___ EXTRACTED INFORMATION

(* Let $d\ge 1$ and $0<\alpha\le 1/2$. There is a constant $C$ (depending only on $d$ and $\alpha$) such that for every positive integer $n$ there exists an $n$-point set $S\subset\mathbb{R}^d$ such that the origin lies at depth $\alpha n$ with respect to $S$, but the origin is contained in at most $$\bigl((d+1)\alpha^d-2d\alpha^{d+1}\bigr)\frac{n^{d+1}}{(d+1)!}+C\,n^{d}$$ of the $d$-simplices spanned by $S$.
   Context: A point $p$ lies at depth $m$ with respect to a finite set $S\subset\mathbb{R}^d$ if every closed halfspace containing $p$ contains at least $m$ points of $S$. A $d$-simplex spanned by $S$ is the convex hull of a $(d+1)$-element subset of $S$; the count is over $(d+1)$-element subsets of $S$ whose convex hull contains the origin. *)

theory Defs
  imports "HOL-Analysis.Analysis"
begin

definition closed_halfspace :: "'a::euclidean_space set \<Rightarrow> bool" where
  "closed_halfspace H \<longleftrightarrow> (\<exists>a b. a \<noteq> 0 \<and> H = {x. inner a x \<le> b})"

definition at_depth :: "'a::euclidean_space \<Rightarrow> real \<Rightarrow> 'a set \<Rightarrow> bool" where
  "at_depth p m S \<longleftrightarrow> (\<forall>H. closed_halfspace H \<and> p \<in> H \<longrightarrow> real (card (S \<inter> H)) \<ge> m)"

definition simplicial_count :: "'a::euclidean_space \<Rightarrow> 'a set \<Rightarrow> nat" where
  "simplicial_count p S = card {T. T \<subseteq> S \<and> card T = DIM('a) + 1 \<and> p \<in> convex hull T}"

______
___ EXTRACTED INFORMATION

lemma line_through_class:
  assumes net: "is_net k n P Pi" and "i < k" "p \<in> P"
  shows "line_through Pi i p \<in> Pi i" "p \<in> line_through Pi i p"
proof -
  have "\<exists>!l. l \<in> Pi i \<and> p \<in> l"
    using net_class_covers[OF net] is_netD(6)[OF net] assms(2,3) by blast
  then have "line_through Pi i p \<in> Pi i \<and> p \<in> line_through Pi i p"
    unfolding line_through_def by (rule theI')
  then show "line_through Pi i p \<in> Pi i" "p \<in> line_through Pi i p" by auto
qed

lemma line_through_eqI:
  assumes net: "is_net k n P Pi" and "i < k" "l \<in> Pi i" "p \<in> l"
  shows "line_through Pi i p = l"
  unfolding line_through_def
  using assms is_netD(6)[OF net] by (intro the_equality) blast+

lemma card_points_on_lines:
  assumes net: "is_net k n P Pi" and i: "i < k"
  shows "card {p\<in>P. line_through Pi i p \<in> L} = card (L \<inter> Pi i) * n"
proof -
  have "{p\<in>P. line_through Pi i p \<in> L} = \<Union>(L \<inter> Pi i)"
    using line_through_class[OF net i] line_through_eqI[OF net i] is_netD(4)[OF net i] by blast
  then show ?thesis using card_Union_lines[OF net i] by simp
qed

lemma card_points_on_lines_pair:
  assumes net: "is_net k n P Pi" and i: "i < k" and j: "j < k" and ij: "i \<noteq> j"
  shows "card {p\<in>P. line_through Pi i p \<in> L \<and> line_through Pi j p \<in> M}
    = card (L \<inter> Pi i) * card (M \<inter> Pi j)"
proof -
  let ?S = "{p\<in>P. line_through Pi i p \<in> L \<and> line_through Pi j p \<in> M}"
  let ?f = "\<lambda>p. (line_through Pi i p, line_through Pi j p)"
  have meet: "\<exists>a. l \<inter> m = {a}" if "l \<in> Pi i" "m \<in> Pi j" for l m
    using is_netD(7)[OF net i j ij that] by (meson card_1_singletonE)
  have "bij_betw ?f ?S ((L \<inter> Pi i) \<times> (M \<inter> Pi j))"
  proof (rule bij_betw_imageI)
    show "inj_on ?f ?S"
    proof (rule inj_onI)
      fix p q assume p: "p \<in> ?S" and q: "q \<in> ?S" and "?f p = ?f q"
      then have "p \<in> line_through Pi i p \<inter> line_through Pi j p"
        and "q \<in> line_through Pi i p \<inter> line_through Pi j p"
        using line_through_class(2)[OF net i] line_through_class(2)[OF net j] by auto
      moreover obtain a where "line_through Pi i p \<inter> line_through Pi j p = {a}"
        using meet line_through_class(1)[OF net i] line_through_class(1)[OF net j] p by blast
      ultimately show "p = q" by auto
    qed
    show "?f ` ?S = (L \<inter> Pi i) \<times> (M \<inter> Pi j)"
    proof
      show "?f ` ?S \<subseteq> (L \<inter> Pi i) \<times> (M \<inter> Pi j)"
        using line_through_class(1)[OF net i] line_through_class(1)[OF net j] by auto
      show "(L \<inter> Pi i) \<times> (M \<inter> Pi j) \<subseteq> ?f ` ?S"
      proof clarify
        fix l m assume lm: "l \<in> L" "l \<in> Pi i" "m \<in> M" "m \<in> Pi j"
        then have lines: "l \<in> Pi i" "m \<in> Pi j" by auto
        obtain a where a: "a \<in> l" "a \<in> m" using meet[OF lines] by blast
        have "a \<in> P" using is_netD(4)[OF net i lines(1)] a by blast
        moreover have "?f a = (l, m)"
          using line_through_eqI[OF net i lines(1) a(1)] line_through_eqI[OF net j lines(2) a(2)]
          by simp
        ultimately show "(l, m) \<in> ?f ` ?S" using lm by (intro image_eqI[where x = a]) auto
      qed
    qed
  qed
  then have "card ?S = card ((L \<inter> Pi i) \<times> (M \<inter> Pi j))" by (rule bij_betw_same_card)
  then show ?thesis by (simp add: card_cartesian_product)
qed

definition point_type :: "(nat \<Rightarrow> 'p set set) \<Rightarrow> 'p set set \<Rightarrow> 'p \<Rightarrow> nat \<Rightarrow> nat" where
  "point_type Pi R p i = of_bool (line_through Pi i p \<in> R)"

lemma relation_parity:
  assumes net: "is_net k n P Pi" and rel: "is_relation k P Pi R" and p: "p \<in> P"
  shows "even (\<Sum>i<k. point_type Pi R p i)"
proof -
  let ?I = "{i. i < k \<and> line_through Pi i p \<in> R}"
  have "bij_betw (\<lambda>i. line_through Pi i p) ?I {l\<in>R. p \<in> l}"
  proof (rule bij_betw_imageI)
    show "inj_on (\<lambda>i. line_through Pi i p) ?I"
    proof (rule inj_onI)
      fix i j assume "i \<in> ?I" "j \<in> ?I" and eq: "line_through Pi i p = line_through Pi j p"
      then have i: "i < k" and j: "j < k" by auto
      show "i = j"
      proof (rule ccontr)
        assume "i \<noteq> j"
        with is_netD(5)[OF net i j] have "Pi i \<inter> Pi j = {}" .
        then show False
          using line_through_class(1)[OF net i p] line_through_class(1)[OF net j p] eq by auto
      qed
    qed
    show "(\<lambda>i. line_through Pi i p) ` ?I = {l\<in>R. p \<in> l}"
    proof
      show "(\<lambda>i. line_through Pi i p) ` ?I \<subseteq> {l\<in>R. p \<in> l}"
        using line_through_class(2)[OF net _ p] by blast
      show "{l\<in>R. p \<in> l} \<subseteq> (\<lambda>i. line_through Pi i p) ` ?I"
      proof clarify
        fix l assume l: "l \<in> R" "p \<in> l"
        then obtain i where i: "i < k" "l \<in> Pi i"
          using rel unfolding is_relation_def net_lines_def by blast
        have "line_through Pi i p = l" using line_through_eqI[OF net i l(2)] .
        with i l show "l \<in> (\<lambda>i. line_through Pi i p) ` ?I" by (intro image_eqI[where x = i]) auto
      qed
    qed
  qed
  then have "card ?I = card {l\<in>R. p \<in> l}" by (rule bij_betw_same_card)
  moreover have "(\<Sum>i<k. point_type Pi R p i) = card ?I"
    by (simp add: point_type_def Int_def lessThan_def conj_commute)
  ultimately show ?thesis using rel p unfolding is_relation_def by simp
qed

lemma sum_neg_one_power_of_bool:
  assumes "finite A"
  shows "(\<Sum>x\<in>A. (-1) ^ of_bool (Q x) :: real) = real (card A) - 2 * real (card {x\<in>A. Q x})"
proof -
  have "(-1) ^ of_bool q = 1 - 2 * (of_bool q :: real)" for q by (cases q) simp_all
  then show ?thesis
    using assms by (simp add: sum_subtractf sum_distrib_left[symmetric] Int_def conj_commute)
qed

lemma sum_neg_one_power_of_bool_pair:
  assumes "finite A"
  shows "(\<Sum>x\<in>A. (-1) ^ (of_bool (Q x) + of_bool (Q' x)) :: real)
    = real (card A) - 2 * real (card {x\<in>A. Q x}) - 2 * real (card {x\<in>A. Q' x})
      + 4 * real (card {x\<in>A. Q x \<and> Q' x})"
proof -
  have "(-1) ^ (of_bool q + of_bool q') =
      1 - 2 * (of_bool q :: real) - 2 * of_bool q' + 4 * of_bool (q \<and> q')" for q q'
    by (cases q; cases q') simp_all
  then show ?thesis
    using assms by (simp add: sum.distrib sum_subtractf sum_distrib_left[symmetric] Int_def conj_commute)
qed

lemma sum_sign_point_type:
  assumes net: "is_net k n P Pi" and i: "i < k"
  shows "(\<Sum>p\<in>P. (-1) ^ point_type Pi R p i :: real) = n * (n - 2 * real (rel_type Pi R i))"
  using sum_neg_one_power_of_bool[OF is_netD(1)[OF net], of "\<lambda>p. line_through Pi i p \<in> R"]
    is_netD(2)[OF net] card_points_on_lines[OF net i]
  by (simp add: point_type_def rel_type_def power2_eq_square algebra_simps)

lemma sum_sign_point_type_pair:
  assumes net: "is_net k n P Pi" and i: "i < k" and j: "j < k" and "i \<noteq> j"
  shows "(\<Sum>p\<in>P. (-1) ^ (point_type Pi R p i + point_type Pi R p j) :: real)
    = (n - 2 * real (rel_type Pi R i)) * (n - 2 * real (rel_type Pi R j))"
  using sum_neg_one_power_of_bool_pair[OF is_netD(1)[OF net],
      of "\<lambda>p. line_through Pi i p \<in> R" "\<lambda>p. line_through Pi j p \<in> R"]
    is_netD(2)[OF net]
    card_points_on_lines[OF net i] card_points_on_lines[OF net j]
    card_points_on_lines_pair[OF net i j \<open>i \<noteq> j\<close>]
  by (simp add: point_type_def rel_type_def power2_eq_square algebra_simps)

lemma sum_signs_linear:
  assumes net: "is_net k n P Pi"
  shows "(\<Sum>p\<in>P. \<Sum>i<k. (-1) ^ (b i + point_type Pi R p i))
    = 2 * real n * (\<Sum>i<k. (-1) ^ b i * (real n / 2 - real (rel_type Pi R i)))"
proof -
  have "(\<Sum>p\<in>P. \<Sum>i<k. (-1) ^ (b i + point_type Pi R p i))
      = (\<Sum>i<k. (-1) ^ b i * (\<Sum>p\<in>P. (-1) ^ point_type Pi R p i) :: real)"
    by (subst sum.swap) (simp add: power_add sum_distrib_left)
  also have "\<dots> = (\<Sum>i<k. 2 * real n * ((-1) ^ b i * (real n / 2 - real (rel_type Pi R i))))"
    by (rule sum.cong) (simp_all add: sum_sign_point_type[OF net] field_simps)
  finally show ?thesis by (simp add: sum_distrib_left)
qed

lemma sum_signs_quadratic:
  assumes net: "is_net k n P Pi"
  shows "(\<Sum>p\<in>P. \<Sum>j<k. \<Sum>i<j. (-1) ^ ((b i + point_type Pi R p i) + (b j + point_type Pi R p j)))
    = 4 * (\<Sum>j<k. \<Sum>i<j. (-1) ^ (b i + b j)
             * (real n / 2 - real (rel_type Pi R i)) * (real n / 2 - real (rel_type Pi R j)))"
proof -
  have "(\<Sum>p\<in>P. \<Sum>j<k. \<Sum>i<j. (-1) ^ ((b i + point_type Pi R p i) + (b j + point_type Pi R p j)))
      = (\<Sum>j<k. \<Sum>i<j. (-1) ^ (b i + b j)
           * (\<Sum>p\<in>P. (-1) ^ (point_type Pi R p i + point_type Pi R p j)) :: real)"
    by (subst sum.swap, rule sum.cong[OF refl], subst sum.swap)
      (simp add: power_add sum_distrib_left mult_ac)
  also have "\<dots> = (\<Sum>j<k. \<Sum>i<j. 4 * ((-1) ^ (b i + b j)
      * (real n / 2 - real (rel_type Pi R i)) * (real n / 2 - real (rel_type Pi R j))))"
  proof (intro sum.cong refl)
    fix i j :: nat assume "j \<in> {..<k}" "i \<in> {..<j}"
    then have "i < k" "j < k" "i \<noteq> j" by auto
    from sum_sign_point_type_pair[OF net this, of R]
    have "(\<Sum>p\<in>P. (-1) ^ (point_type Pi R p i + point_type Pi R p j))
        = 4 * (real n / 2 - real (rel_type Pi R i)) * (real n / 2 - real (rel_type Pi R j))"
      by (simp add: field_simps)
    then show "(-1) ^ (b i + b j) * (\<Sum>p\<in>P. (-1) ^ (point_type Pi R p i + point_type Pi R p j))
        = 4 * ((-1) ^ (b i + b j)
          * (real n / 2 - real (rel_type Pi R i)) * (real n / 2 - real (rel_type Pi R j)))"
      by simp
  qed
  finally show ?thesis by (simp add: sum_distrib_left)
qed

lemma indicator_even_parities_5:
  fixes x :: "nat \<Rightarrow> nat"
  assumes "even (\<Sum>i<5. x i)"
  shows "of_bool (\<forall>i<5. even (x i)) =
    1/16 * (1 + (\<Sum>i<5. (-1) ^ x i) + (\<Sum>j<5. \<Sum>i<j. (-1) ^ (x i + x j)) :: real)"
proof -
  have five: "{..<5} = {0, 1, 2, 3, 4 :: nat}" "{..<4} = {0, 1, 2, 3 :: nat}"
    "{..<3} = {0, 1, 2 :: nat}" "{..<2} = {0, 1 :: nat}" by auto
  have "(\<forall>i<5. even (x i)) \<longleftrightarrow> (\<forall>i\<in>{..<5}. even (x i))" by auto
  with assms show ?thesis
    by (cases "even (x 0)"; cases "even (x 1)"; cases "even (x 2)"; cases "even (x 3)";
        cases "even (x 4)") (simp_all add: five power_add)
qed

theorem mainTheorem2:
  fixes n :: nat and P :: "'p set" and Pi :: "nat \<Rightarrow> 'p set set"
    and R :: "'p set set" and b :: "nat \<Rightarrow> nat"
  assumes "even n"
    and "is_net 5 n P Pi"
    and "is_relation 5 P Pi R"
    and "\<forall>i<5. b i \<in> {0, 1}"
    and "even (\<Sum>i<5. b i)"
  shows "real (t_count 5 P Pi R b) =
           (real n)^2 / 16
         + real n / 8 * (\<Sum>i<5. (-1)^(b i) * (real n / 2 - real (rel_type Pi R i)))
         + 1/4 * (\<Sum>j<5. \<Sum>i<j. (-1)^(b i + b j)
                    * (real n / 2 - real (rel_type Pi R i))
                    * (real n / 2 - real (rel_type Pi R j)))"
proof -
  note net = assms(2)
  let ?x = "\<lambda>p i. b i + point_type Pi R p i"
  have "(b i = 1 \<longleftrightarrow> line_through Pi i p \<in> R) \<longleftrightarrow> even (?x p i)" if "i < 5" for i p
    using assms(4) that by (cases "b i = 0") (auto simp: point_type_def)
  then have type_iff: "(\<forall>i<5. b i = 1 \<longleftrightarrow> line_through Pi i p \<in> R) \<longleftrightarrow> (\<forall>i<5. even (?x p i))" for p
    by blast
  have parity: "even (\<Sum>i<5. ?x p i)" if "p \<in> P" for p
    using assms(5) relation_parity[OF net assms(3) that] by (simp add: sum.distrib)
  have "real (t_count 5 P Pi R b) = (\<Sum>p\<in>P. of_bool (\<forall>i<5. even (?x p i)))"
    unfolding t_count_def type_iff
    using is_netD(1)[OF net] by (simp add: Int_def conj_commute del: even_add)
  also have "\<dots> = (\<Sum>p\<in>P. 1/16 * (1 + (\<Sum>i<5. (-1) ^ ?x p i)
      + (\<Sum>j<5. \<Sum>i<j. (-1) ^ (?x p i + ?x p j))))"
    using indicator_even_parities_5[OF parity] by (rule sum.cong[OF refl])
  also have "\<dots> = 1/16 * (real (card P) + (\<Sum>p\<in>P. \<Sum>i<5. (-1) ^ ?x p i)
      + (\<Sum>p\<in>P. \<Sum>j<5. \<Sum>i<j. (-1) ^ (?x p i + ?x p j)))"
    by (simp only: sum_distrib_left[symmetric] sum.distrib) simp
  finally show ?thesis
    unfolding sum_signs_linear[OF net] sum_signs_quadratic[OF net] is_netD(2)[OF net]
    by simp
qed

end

______

_DIRECTIONS FOR THIS TASK:_ Going through the entries above, report how many lines include the string "mathbb". The number alone is the answer.

_RESULT FOR THIS TASK:_ 2